Transcribe all records, preserving every character.

• • • • • • •

(* For any distributions $P,Q,R$ and any $n\geq 1$, if $X_1,\dots,X_n$ are i.i.d. from $R$, then $$\mathrm{Var}\big(\mathrm{T}(P,Q,X^n)\big) \leq \frac{55}{n}\max\big(\mathrm{H}^2(P,R),\,\mathrm{H}^2(Q,R)\big).$$
   Context: Distributions $P,Q,R$ are probability distributions on a measurable space $\mathcal{X}$, identified with their densities with respect to a common $\sigma$-finite reference measure $\mu$ (e.g. Lebesgue measure, or counting measure in the discrete case). All integrals and norms are taken with respect to $\mu$, with $\|U\|_p = (\int |U|^p\, d\mu)^{1/p}$. The Hellinger distance is $\mathrm{H}(P,Q) = \frac{1}{\sqrt{2}}\|\sqrt{P}-\sqrt{Q}\|_2$. For a sample $X^n=(X_1,\dots,X_n)$, the test statistic is $$\mathrm{T}(P,Q,X^n) = \frac{1}{n}\sum_{i=1}^n \frac{P(X_i)-Q(X_i)}{P(X_i)+Q(X_i)},$$ where a summand is interpreted as $0$ whenever $P(X_i)+Q(X_i)=0$. *)

theory Defs
  imports "HOL-Probability.Probability"
begin

definition is_density :: "'a measure \<Rightarrow> ('a \<Rightarrow> real) \<Rightarrow> bool" where
  "is_density M P \<longleftrightarrow> P \<in> borel_measurable M \<and> (\<forall>x\<in>space M. 0 \<le> P x)
      \<and> integrable M P \<and> (\<integral>x. P x \<partial>M) = 1"

definition hellinger :: "'a measure \<Rightarrow> ('a \<Rightarrow> real) \<Rightarrow> ('a \<Rightarrow> real) \<Rightarrow> real" where
  "hellinger M P Q = (1 / sqrt 2) * sqrt (\<integral>x. (sqrt (P x) - sqrt (Q x))^2 \<partial>M)"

• • • • • • •

SOLUTION:
(* For any distributions $P,Q,R$ and any $n\geq 1$, if $X_1,\dots,X_n$ are i.i.d. from $R$, then $$\mathrm{Var}\big(\mathrm{T}(P,Q,X^n)\big) \leq \frac{55}{n}\max\big(\mathrm{H}^2(P,R),\,\mathrm{H}^2(Q,R)\big).$$
   Context: Distributions $P,Q,R$ are probability distributions on a measurable space $\mathcal{X}$, identified with their densities with respect to a common $\sigma$-finite reference measure $\mu$ (e.g. Lebesgue measure, or counting measure in the discrete case). All integrals and norms are taken with respect to $\mu$, with $\|U\|_p = (\int |U|^p\, d\mu)^{1/p}$. The Hellinger distance is $\mathrm{H}(P,Q) = \frac{1}{\sqrt{2}}\|\sqrt{P}-\sqrt{Q}\|_2$. For a sample $X^n=(X_1,\dots,X_n)$, the test statistic is $$\mathrm{T}(P,Q,X^n) = \frac{1}{n}\sum_{i=1}^n \frac{P(X_i)-Q(X_i)}{P(X_i)+Q(X_i)},$$ where a summand is interpreted as $0$ whenever $P(X_i)+Q(X_i)=0$. *)

theory Defs
  imports "HOL-Probability.Probability"
begin

definition is_density :: "'a measure \<Rightarrow> ('a \<Rightarrow> real) \<Rightarrow> bool" where
  "is_density M P \<longleftrightarrow> P \<in> borel_measurable M \<and> (\<forall>x\<in>space M. 0 \<le> P x)
      \<and> integrable M P \<and> (\<integral>x. P x \<partial>M) = 1"

definition hellinger :: "'a measure \<Rightarrow> ('a \<Rightarrow> real) \<Rightarrow> ('a \<Rightarrow> real) \<Rightarrow> real" where
  "hellinger M P Q = (1 / sqrt 2) * sqrt (\<integral>x. (sqrt (P x) - sqrt (Q x))^2 \<partial>M)"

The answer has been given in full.